**DIRECTIONS FOR THIS TASK**
Please copy each line of the data that includes the string "longrightarrow".

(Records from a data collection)
———
(* Let $T=(p,q:F\to E)$ be a textile system with $p$ and $q$ surjective. Let $G_T$ be the associated 2-colored graph and $\sim$ the associated equivalence relation on its path category $G_T^*$. Then the quotient category $\Lambda_T=G_T^*/\sim$, with degree induced by the colors, is a 2-graph if and only if $T$ is LR.
   Context: Directed graph $E=(E^0,E^1,r,s)$. Textile system $T=(p,q:F\to E)$: graph homomorphisms $p,q$ (maps on vertices and edges commuting with $r,s$) with $f\mapsto(r(f),p(f),s(f),q(f))$ injective on $F^1$. LR: $p$ has unique $r$-path lifting (for $v\in F^0,e\in E^1$ with $p(v)=r(e)$, exactly one $f\in F^1$ with $r(f)=v,p(f)=e$) and $q$ has unique $s$-path lifting (same with $s$). A 2-graph is a countable category $\Lambda$ with a functor $d:\Lambda\to\mathbb N^2$ such that if $d(\lambda)=m+n$ there are unique $\mu,\nu$ with $d(\mu)=m,d(\nu)=n,\lambda=\mu\nu$ (composition $\mu\nu$ when $s(\mu)=r(\nu)$). The 2-colored graph $G_T$: vertices $E^0$; edges $E^1\sqcup F^0$; edges $e\in E^1$ have color $\varepsilon_1$ and range, source from $E$; edges $w\in F^0$ have color $\varepsilon_2$, $s(w)=p(w)$, $r(w)=q(w)$. Paths are composed right to left ($\alpha\beta$ is a path when $s(\alpha)=r(\beta)$), and the degree of a path counts edges of each color. The relation $\sim$: each vertex and edge is equivalent only to itself; on two-edge two-colored paths, $ve\sim e'w$ iff there is $f\in F^1$ with $r(f)=v$, $s(f)=w$, $p(f)=e$, $q(f)=e'$; $\sim$ is extended to all paths as the equivalence relation generated by these relations and compatible with concatenation ($[\lambda\mu]=[\lambda][\mu]$). *)

theory Defs
  imports Main "HOL-Library.Countable_Set" "HOL-Library.Product_Plus"
begin

definition dgraph :: "'v set \<Rightarrow> 'e set \<Rightarrow> ('e \<Rightarrow> 'v) \<Rightarrow> ('e \<Rightarrow> 'v) \<Rightarrow> bool" where
  "dgraph V Ed r s \<longleftrightarrow> (\<forall>e\<in>Ed. r e \<in> V \<and> s e \<in> V)"

definition graph_hom ::
  "'w set \<Rightarrow> 'f set \<Rightarrow> ('f \<Rightarrow> 'w) \<Rightarrow> ('f \<Rightarrow> 'w) \<Rightarrow>
   'v set \<Rightarrow> 'e set \<Rightarrow> ('e \<Rightarrow> 'v) \<Rightarrow> ('e \<Rightarrow> 'v) \<Rightarrow>
   ('w \<Rightarrow> 'v) \<Rightarrow> ('f \<Rightarrow> 'e) \<Rightarrow> bool" where
  "graph_hom F0 F1 rF sF E0 E1 rE sE h0 h1 \<longleftrightarrow>
     (\<forall>w\<in>F0. h0 w \<in> E0) \<and> (\<forall>f\<in>F1. h1 f \<in> E1) \<and>
     (\<forall>f\<in>F1. rE (h1 f) = h0 (rF f) \<and> sE (h1 f) = h0 (sF f))"

definition textile_system ::
  "'v set \<Rightarrow> 'e set \<Rightarrow> ('e \<Rightarrow> 'v) \<Rightarrow> ('e \<Rightarrow> 'v) \<Rightarrow>
   'w set \<Rightarrow> 'f set \<Rightarrow> ('f \<Rightarrow> 'w) \<Rightarrow> ('f \<Rightarrow> 'w) \<Rightarrow>
   ('w \<Rightarrow> 'v) \<Rightarrow> ('f \<Rightarrow> 'e) \<Rightarrow> ('w \<Rightarrow> 'v) \<Rightarrow> ('f \<Rightarrow> 'e) \<Rightarrow> bool" where
  "textile_system E0 E1 rE sE F0 F1 rF sF p0 p1 q0 q1 \<longleftrightarrow>
     dgraph E0 E1 rE sE \<and> dgraph F0 F1 rF sF \<and>
     graph_hom F0 F1 rF sF E0 E1 rE sE p0 p1 \<and>
     graph_hom F0 F1 rF sF E0 E1 rE sE q0 q1 \<and>
     inj_on (\<lambda>f. (rF f, p1 f, sF f, q1 f)) F1"
(* Let $(C,\leq)$ be a poset. Then $(C,\leq)$ is a $\downarrow$-poset if and only if for all $c,d\in C$ with $c\leq d$ there exists a $\downarrow$-function $f\colon C\to C$ such that $f(d)=c$.
   Context: A semilattice with identity is a set $S$ with a binary operation (written concatenatively) and an element $1\in S$ such that for all $s,t,u\in S$: $ss=s$, $st=ts$, $(st)u=s(tu)$, and $1s=s$. An action of such an $S$ on a set $C$ is a function $C\times S\to C$, $(c,s)\mapsto cs$, such that $c(st)=(cs)t$ and $c1=c$ for all $c\in C$, $s,t\in S$. Given such an action, define $c\leq d$ on $C$ iff there is $s\in S$ with $ds=c$; this is a partial order. A poset is called a $\downarrow$-poset if it is isomorphic to a poset arising in this way from some action of some semilattice with identity on some set. For a poset $(C,\leq)$, a function $f\colon C\to C$ is a $\downarrow$-function if for all $c,d\in C$: (1) $f(c)\leq c$; (2) $c\leq d$ implies $f(c)\leq f(d)$; (3) $c\leq f(d)$ implies $f(c)=c$. *)

theory Defs
  imports Main
begin

definition poset :: "'a set \<Rightarrow> ('a \<Rightarrow> 'a \<Rightarrow> bool) \<Rightarrow> bool" where
  "poset C le \<longleftrightarrow>
     (\<forall>c\<in>C. le c c) \<and>
     (\<forall>c\<in>C. \<forall>d\<in>C. le c d \<and> le d c \<longrightarrow> c = d) \<and>
     (\<forall>c\<in>C. \<forall>d\<in>C. \<forall>e\<in>C. le c d \<and> le d e \<longrightarrow> le c e)"

definition semilattice_id :: "'s set \<Rightarrow> ('s \<Rightarrow> 's \<Rightarrow> 's) \<Rightarrow> 's \<Rightarrow> bool" where
  "semilattice_id S m e \<longleftrightarrow>
     e \<in> S \<and>
     (\<forall>s\<in>S. \<forall>t\<in>S. m s t \<in> S) \<and>
     (\<forall>s\<in>S. m s s = s) \<and>
     (\<forall>s\<in>S. \<forall>t\<in>S. m s t = m t s) \<and>
     (\<forall>s\<in>S. \<forall>t\<in>S. \<forall>u\<in>S. m (m s t) u = m s (m t u)) \<and>
     (\<forall>s\<in>S. m e s = s)"

definition sl_action ::
  "'s set \<Rightarrow> ('s \<Rightarrow> 's \<Rightarrow> 's) \<Rightarrow> 's \<Rightarrow> 'd set \<Rightarrow> ('d \<Rightarrow> 's \<Rightarrow> 'd) \<Rightarrow> bool" where
  "sl_action S m e D act \<longleftrightarrow>
     (\<forall>c\<in>D. \<forall>s\<in>S. act c s \<in> D) \<and>
     (\<forall>c\<in>D. \<forall>s\<in>S. \<forall>t\<in>S. act c (m s t) = act (act c s) t) \<and>
     (\<forall>c\<in>D. act c e = c)"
———
**YOUR SOLUTION**
     (\<forall>c\<in>C. \<forall>d\<in>C. le c d \<and> le d c \<longrightarrow> c = d) \<and>
     (\<forall>c\<in>C. \<forall>d\<in>C. \<forall>e\<in>C. le c d \<and> le d e \<longrightarrow> le c e)"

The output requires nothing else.